Нащупав небольшие углубления, Рампо смог подцепить кусок мрамора и потянул на себя. Акико, заметившая его действия первой, оставила полку и с интересом подошла ближе. Следом и Ацуши, заинтригованный не только их эмоциями, но и самостоятельно, происходящим. Коё наблюдала за ними, подперев щёку кулаком. Немного усилий, и детектив смог снять со стены пластину с родовым деревом.
— Держи.
Рампо с будничным выражением лица и не глядя всучил мраморный срез Накаджиме. Парень толком не успел понять, что произошло, но уже стоял, сжимая в руках презент. Срез оказался довольно увесистым, да и мысль о том, что на нём есть чья-то кровь, быстро способствовали тому, что Ацуши опустил его на пол и приставил к шкафу.

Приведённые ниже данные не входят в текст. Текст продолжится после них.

(* Let $d\ge2$, $n\ge1$, $F_0(z_1,\ldots,z_n)=(z_1^d,\ldots,z_n^d)$, and let $\mathbf w_0=(w_1,\ldots,w_n)\in\mathbb{C}^n$ be a periodic point of $F_0$ of period $p$ none of whose coordinates is zero. Then for any multi-index $I=(i_1,\ldots,i_n)\in\mathbb{Z}_{\ge0}^n$ and any $k,m\in\{1,\ldots,n\}$, $$\partial_{m,I}\rho_{k,\mathbf w_0}(F_0)=\begin{cases}0&\text{if }m\ne k,\\ (i_kd^{p-1}-d^p)\sum_{i=0}^{p-1}(\mathbf w_0^{I_k})^{d^i}w_k^{d^i(i_k-d)}&\text{if }m=k.\end{cases}$$
   Context: For a polynomial map $G$ near $F_0$, $\mathbf w(G)$ denotes the analytic continuation of $\mathbf w_0$ as a periodic point of period $p$ (given by the implicit function theorem), and $\rho_{k,\mathbf w_0}(G)$ is the $k$-th diagonal entry of the Jacobian matrix $DG^p$ at $\mathbf w(G)$. For $\mathbf z^I=z_1^{i_1}\cdots z_n^{i_n}$ and the $m$-th unit vector $\mathbf e_m$, $P_{m,I}(\mathbf z)=\mathbf z^I\mathbf e_m$ and $\partial_{m,I}\rho_{k,\mathbf w_0}(G)=\frac{d}{dt}\big|_{t=0}\rho_{k,\mathbf w_0}(G+tP_{m,I})$ (well defined for arbitrary $I$, even if $G+tP_{m,I}$ has higher degree). $I_k$ is the multi-index obtained from $I$ by replacing $i_k$ with $0$. *)

theory Defs
  imports "HOL-Analysis.Analysis"
begin

text \<open>Points of C^n are vectors of type complex^'n, with 'n a finite index type
  (so n = CARD('n) \<ge> 1).  Multi-indices are functions I :: 'n \<Rightarrow> nat.\<close>

definition F0 :: "nat \<Rightarrow> complex^'n \<Rightarrow> complex^'n" where
  "F0 d z = (\<chi> j. (z $ j) ^ d)"

definition monomial :: "('n::finite \<Rightarrow> nat) \<Rightarrow> complex^'n \<Rightarrow> complex" where
  "monomial I z = (\<Prod>l\<in>UNIV. (z $ l) ^ I l)"

definition Pmon :: "'n::finite \<Rightarrow> ('n \<Rightarrow> nat) \<Rightarrow> complex^'n \<Rightarrow> complex^'n" where
  "Pmon m I z = (\<chi> j. if j = m then monomial I z else 0)"

definition Gpert :: "nat \<Rightarrow> 'n::finite \<Rightarrow> ('n \<Rightarrow> nat) \<Rightarrow> complex \<Rightarrow> complex^'n \<Rightarrow> complex^'n" where
  "Gpert d m I t z = F0 d z + (\<chi> j. t * (Pmon m I z $ j))"

definition drop_index :: "('n \<Rightarrow> nat) \<Rightarrow> 'n \<Rightarrow> ('n \<Rightarrow> nat)" where
  "drop_index I k = I(k := 0)"

definition periodic_point_of_period :: "('a \<Rightarrow> 'a) \<Rightarrow> nat \<Rightarrow> 'a \<Rightarrow> bool" where
  "periodic_point_of_period f p w \<longleftrightarrow>
     p \<ge> 1 \<and> (f ^^ p) w = w \<and> (\<forall>q. 0 < q \<and> q < p \<longrightarrow> (f ^^ q) w \<noteq> w)"

definition jac_diag :: "(complex^'n \<Rightarrow> complex^'n) \<Rightarrow> 'n \<Rightarrow> complex^'n \<Rightarrow> complex" where
  "jac_diag H k z = deriv (\<lambda>s. H (\<chi> j. if j = k then s else z $ j) $ k) (z $ k)"

text \<open>A continuation of the periodic point w0 along the family t \<mapsto> G t:
  w(0) = w0, w continuous at 0, and w(t) is a fixed point of (G t)^p for t near 0.
  By the implicit function theorem such a branch is unique near 0.\<close>
definition periodic_continuation ::
  "(complex \<Rightarrow> complex^'n \<Rightarrow> complex^'n) \<Rightarrow> nat \<Rightarrow> complex^'n \<Rightarrow> (complex \<Rightarrow> complex^'n) \<Rightarrow> bool" where
  "periodic_continuation G p w0 w \<longleftrightarrow>
     w 0 = w0 \<and> isCont w 0 \<and> (\<forall>\<^sub>F t in nhds 0. (G t ^^ p) (w t) = w t)"

end

theory Submission
  imports Defs
begin

(* Off the m-th coordinate G_t = F0 + t P_{m,I} agrees with F0, so the other coordinates of a
   continuation w(t) solve z^(d^p) = z and, being continuous, stay equal to those of w0.  Thus w(t)
   lies on the line through w0 parallel to e_m, on which the m-th coordinate of G_t^p is the
   iterate X_p(t, y) of the maps y |-> y^d + t c_q y^(i_m), where c_q = (w0^(I_m))^(d^q).
   At t = 0 the fixed point a = w_m has multiplier d^p <> 1, so a relaxed fixed-point iteration is
   a contraction near (0, a); this produces the continuation, and divided differences show that its
   m-th coordinate x(t) is differentiable.

   For k <> m the entry rho_k is constant in t.  For k = m it is the product over q < p of the
   derivatives of y |-> y^d + t c_q y^(i_m) along the orbit of x(t); at t = 0 its logarithmic
   derivative is the sum of (d - 1) u_q + (i_m / d) e_q, where u_q is the t-derivative of the q-th
   orbit point divided by a^(d^q) and e_q = c_q (a^(d^q))^(i_m - d).  Since u_(q+1) = d u_q + e_q and
   periodicity of x(t) forces u_p = u_0, telescoping gives (d - 1) sum u_q = - sum e_q, whence the
   formula. *)

section \<open>Fixed-point branches of one-parameter families\<close>

lemma dist_triple_le:
  fixes t t' :: "'a::real_normed_vector" and y y' :: "'b::real_normed_vector"
    and z z' :: "'c::real_normed_vector"
  shows "dist (t, y, z) (t', y', z') \<le> dist t t' + dist y y' + dist z z'"
proof -
  have "dist (t, y, z) (t', y', z') = norm (t - t', y - y', z - z')"
    by (simp add: dist_norm)
  also have "\<dots> \<le> norm (t - t') + norm (y - y', z - z')"
    by (rule norm_Pair_le)
  also have "norm (y - y', z - z') \<le> norm (y - y') + norm (z - z')"
    by (rule norm_Pair_le)
  finally show ?thesis by (simp add: dist_norm)
qed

Возможно, знай он о своём происхождении раньше и не расти в детском доме, имена предков и само Древо в руках привели бы его в трепет. Но никакого возвышенного волнения или дрожи от соприкосновения с семейной реликвией Ацуши не испытал. Имя "Акутагава Рандо" не пробудило в нём сыновьих чувств, равно как и он оказался когда-то ему не нужен.
На самом деле единственное, что испытывал Ацуши по отношению к своим покойным предкам, обретённым им меньше суток назад, так это презрение. Если он и правда сын Рандо Акутагава, а Ичиё была его старшей сестрой, то почему? Именно этот вопрос мучает его уже несколько часов. Почему он оказался в детском доме, будучи наследником богатого рода? Почему отказались от него, пусть и младшего, но сына, а не от Ичиё? Разве это честно, что у неё было всё, а у Ацуши — ничего? Ведь ему не нужен ни этот дом, ни земли. Всё, чего он хотел, знать родительскую любовь.
— Что там?
Озаки встала из-за стола и, придерживая рукой юбку платья, приблизилась. Под мраморным срезом скрывалась небольшая, размером с футбольный мяч, необработанная дыра в стене. Она была выбита грубо и непрофессионально. Кто-то явно не желал, чтобы об этом тайнике стало известно. А внутри лежал пожелтевший конверт.
Вся четвёрка поражённо смотрела на содержимое тайника, не решаясь достать его. Наконец, детектив протянул руку и взял конверт.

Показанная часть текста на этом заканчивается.